##### Exercise materials #####

(* Let $A$ be a $t\times T$ binary matrix of rank $t$ over $\mathbb F_2$, and let $v\in\mathbb F_2^T$ be a minimal nonzero vector of the row space of $A$ (i.e. no nonzero vector in the row space has support strictly contained in the support of $v$). Let $B$ be the $t\times|v|$ matrix obtained from $A$ by deleting all columns whose index is not in the support of $v$ (here $|v|$ is the size of the support), and let $A'$ be the $(t+1)\times2|v|$ matrix $$A'=\left[\begin{array}{c|c} B & B\\ 1\cdots1 & 0\cdots0\end{array}\right].$$ Then for every $f:\{0,1\}^n\to\{-1,1\}$, $\mathbb E_A(f)\le\sqrt{\mathbb E_{A'}(f)}$ (in particular $\mathbb E_{A'}(f)\ge0$).
   Context: $\{0,1\}^n$ is identified with $\mathbb F_2^n$. For a $t\times T$ binary matrix $A=(A_{ij})$, $\mathbb E_A(f)=\mathbb E_{y_1,\dots,y_t}\prod_{j=1}^T f\big(\sum_{i=1}^tA_{ij}y_i\big)$, with $y_1,\dots,y_t$ independent uniform in $\{0,1\}^n$. *)

theory Defs
  imports Complex_Main "HOL-Library.Z2" "HOL-Library.FuncSet"
begin

text \<open>A t x T binary matrix is a function
  A :: nat => nat => bit, of which only the entries A i j with i < t, j < T matter.
  Vectors of F_2^m are functions nat => bit vanishing at indices >= m.\<close>

definition cube :: "nat \<Rightarrow> (nat \<Rightarrow> bit) set" where
  "cube n = {x. \<forall>l\<ge>n. x l = 0}"

definition full_row_rank :: "nat \<Rightarrow> nat \<Rightarrow> (nat \<Rightarrow> nat \<Rightarrow> bit) \<Rightarrow> bool" where
  "full_row_rank t T A \<longleftrightarrow>
     (\<forall>c :: nat \<Rightarrow> bit. (\<forall>j<T. (\<Sum>i<t. c i * A i j) = 0) \<longrightarrow> (\<forall>i<t. c i = 0))"

definition row_space :: "nat \<Rightarrow> nat \<Rightarrow> (nat \<Rightarrow> nat \<Rightarrow> bit) \<Rightarrow> (nat \<Rightarrow> bit) set" where
  "row_space t T A = {w. \<exists>c :: nat \<Rightarrow> bit. \<forall>j. w j = (if j < T then (\<Sum>i<t. c i * A i j) else 0)}"

definition supp :: "(nat \<Rightarrow> bit) \<Rightarrow> nat set" where
  "supp v = {j. v j \<noteq> 0}"

definition minimal_in_row_space :: "nat \<Rightarrow> nat \<Rightarrow> (nat \<Rightarrow> nat \<Rightarrow> bit) \<Rightarrow> (nat \<Rightarrow> bit) \<Rightarrow> bool" where
  "minimal_in_row_space t T A v \<longleftrightarrow>
     v \<in> row_space t T A \<and> supp v \<noteq> {} \<and>
     (\<forall>w \<in> row_space t T A. supp w \<noteq> {} \<longrightarrow> \<not> (supp w \<subset> supp v))"

definition restrict_cols :: "(nat \<Rightarrow> nat \<Rightarrow> bit) \<Rightarrow> nat set \<Rightarrow> nat \<Rightarrow> nat \<Rightarrow> bit" where
  "restrict_cols A S i j = A i (sorted_list_of_set S ! j)"

definition doubled :: "nat \<Rightarrow> nat \<Rightarrow> (nat \<Rightarrow> nat \<Rightarrow> bit) \<Rightarrow> nat \<Rightarrow> nat \<Rightarrow> bit" where
  "doubled t k B i j =
     (if i < t then (if j < k then B i j else B i (j - k))
      else (if j < k then 1 else 0))"

definition E_mat :: "nat \<Rightarrow> nat \<Rightarrow> nat \<Rightarrow> (nat \<Rightarrow> nat \<Rightarrow> bit) \<Rightarrow> ((nat \<Rightarrow> bit) \<Rightarrow> real) \<Rightarrow> real" where
  "E_mat n t T A f =
     (\<Sum>y \<in> PiE {..<t} (\<lambda>_. cube n). \<Prod>j<T. f (\<lambda>l. \<Sum>i<t. A i j * y i l)) / 2 ^ (n * t)"

end

theory Submission
  imports Defs "HOL-Library.Function_Algebras" "HOL-Analysis.Convex"
begin

text \<open>Write \<open>v = c A\<close> and let \<open>x\<^sub>j(y) = \<Sum>\<^sub>i A\<^sub>i\<^sub>j y\<^sub>i\<close> be the argument of the \<open>j\<close>-th factor.
  The substitution \<open>y\<^sub>i \<mapsto> y\<^sub>i + c\<^sub>i z\<close> preserves the uniform distribution of
  \<open>(y\<^sub>1, \<dots>, y\<^sub>t)\<close> and adds \<open>z\<close> to exactly the \<open>x\<^sub>j\<close> with \<open>j \<in> supp v\<close>; averaging over \<open>z\<close> gives
  \<open>E\<^sub>A(f) = E\<^sub>y P(y) H(y)\<close>, where \<open>P\<close> is the product of the factors outside \<open>supp v\<close> and
  \<open>H(y) = E\<^sub>z \<Prod>\<^bsub>j \<in> supp v\<^esub> f(x\<^sub>j(y) + z)\<close>. As \<open>P(y) = \<plusminus>1\<close>, Cauchy-Schwarz yields
  \<open>E\<^sub>A(f)\<^sup>2 \<le> E\<^sub>y H(y)\<^sup>2\<close>. Expanding the square and substituting \<open>y\<^sub>i \<mapsto> y\<^sub>i + c\<^sub>i z\<close> once more turns
  \<open>E\<^sub>y H(y)\<^sup>2\<close> into \<open>E\<^sub>y\<^sub>,\<^sub>w \<Prod>\<^bsub>j \<in> supp v\<^esub> f(x\<^sub>j(y) + w) f(x\<^sub>j(y))\<close>, which is \<open>E\<^sub>A\<^sub>'(f)\<close>.\<close>

declare add_bit_eq_xor [simp del] mult_bit_eq_and [simp del]

lemma UNIV_bit: "(UNIV :: bit set) = {0, 1}"
  by (auto intro: bit.exhaust)

lemma bit_add_self [simp]: "(a::bit) + a = 0"
  by (cases a) (simp_all add: add_bit_eq_xor)

lemma vec_add_self [simp]: "(x :: 'a \<Rightarrow> bit) + x = 0"
  by (simp add: fun_eq_iff)

lemma cube_not_empty: "cube n \<noteq> {}"
  by (auto simp: cube_def)

lemma add_in_cube: "a \<in> cube n \<Longrightarrow> b \<in> cube n \<Longrightarrow> a + b \<in> cube n"
  by (simp add: cube_def)

lemma bij_betw_restrict_cube: "bij_betw (\<lambda>x. restrict x {..<n}) (cube n) (PiE {..<n} (\<lambda>_. UNIV))"
  by (rule bij_betw_byWitness[where f' = "\<lambda>g l. if l < n then g l else 0"])
     (auto simp: cube_def PiE_def extensional_def fun_eq_iff)

lemma finite_cube: "finite (cube n)"
  using bij_betw_finite[OF bij_betw_restrict_cube] by (simp add: finite_PiE UNIV_bit)

lemma card_cube: "card (cube n) = 2 ^ n"
  using bij_betw_same_card[OF bij_betw_restrict_cube]
  by (simp add: card_PiE UNIV_bit numeral_2_eq_2)

definition cube_tuples :: "nat \<Rightarrow> nat \<Rightarrow> (nat \<Rightarrow> nat \<Rightarrow> bit) set" where
  "cube_tuples n t = PiE {..<t} (\<lambda>_. cube n)"

lemma card_cube_tuples: "card (cube_tuples n t) = 2 ^ (n * t)"
  by (simp add: cube_tuples_def card_PiE card_cube power_mult)

lemma sum_cube_tuples_Suc:
  "(\<Sum>y\<in>cube_tuples n (Suc t). G y) = (\<Sum>y\<in>cube_tuples n t. \<Sum>w\<in>cube n. G (y(t := w)))"
proof -
  have img: "cube_tuples n (Suc t) = (\<lambda>(w, y). y(t := w)) ` (cube n \<times> cube_tuples n t)"
    by (simp add: cube_tuples_def lessThan_Suc PiE_insert_eq)
  have inj: "inj_on (\<lambda>(w, y). y(t := w)) (cube n \<times> cube_tuples n t)"
    unfolding cube_tuples_def by (rule inj_combinator) simp
  show ?thesis
    unfolding img sum.reindex[OF inj]
    by (subst sum.swap) (simp add: sum.cartesian_product case_prod_unfold)
qed

definition avg :: "'a set \<Rightarrow> ('a \<Rightarrow> real) \<Rightarrow> real" where
  "avg X F = sum F X / card X"

lemma avg_cong: "(\<And>x. x \<in> X \<Longrightarrow> F x = G x) \<Longrightarrow> avg X F = avg X G"
  by (simp add: avg_def)

lemma avg_const: "finite X \<Longrightarrow> X \<noteq> {} \<Longrightarrow> avg X (\<lambda>_. c) = c"
  by (simp add: avg_def)

lemma avg_mult_left: "avg X (\<lambda>x. c * F x) = c * avg X F"
  by (simp add: avg_def sum_distrib_left)

lemma avg_mult_right: "avg X (\<lambda>x. F x * c) = avg X F * c"
  by (simp add: avg_def sum_distrib_right)

lemma avg_swap: "avg X (\<lambda>x. avg Y (F x)) = avg Y (\<lambda>y. avg X (\<lambda>x. F x y))"
  unfolding avg_def sum_divide_distrib[symmetric] by (subst sum.swap) simp

lemma avg_nonneg: "(\<And>x. x \<in> X \<Longrightarrow> 0 \<le> F x) \<Longrightarrow> 0 \<le> avg X F"
  by (simp add: avg_def sum_nonneg)

lemma avg_square_le: "(avg X F)\<^sup>2 \<le> avg X (\<lambda>x. (F x)\<^sup>2)"
proof (cases "card X = 0")
  case False
  then have "(sum F X)\<^sup>2 / (card X)\<^sup>2 \<le> (\<Sum>x\<in>X. (F x)\<^sup>2) * card X / (card X)\<^sup>2"
    by (intro divide_right_mono sum_squared_le_sum_of_squares) simp
  then show ?thesis
    using False by (simp add: avg_def power_divide power2_eq_square)
qed (simp add: avg_def)

lemma avg_involution:
  assumes "\<And>x. x \<in> X \<Longrightarrow> h x \<in> X" and "\<And>x. x \<in> X \<Longrightarrow> h (h x) = x"
  shows "avg X (\<lambda>x. F (h x)) = avg X F"
  unfolding avg_def
  by (rule arg_cong[where f = "\<lambda>s. s / _"], rule sum.reindex_bij_witness[of _ h h])
     (simp_all add: assms)

lemma avg_cube_translate: "z \<in> cube n \<Longrightarrow> avg (cube n) (\<lambda>w. F (z + w)) = avg (cube n) F"
  by (rule avg_involution[where h = "(+) z"]) (simp_all add: add_in_cube flip: add.assoc)

lemma avg_cube_tuples_Suc:
  "avg (cube_tuples n (Suc t)) G = avg (cube_tuples n t) (\<lambda>y. avg (cube n) (\<lambda>w. G (y(t := w))))"
  by (simp add: avg_def sum_cube_tuples_Suc card_cube_tuples card_cube sum_divide_distrib[symmetric]
      power_add)

lemma prod_lessThan_double: "(\<Prod>j<2 * (k::nat). g j) = (\<Prod>j<k. g j) * (\<Prod>j<k. g (j + k))"
proof -
  have "(\<Prod>j<2 * k. g j) = prod g {0..<k} * prod g {k..<k + k}"
    by (simp add: mult_2 atLeast0LessThan[symmetric] prod.atLeastLessThan_concat)
  also have "prod g {k..<k + k} = (\<Prod>j<k. g (j + k))"
    using prod.shift_bounds_nat_ivl[of g 0 k k] by (simp add: atLeast0LessThan)
  finally show ?thesis
    by (simp add: atLeast0LessThan)
qed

#####

# [What you have to do]
Up to and including the line that contains "text \<open>A t", output the records above exactly, beginning with their first line.

# [Answer space]
(* Let $A$ be a $t\times T$ binary matrix of rank $t$ over $\mathbb F_2$, and let $v\in\mathbb F_2^T$ be a minimal nonzero vector of the row space of $A$ (i.e. no nonzero vector in the row space has support strictly contained in the support of $v$). Let $B$ be the $t\times|v|$ matrix obtained from $A$ by deleting all columns whose index is not in the support of $v$ (here $|v|$ is the size of the support), and let $A'$ be the $(t+1)\times2|v|$ matrix $$A'=\left[\begin{array}{c|c} B & B\\ 1\cdots1 & 0\cdots0\end{array}\right].$$ Then for every $f:\{0,1\}^n\to\{-1,1\}$, $\mathbb E_A(f)\le\sqrt{\mathbb E_{A'}(f)}$ (in particular $\mathbb E_{A'}(f)\ge0$).
   Context: $\{0,1\}^n$ is identified with $\mathbb F_2^n$. For a $t\times T$ binary matrix $A=(A_{ij})$, $\mathbb E_A(f)=\mathbb E_{y_1,\dots,y_t}\prod_{j=1}^T f\big(\sum_{i=1}^tA_{ij}y_i\big)$, with $y_1,\dots,y_t$ independent uniform in $\{0,1\}^n$. *)

theory Defs
  imports Complex_Main "HOL-Library.Z2" "HOL-Library.FuncSet"
begin

text \<open>A t x T binary matrix is a function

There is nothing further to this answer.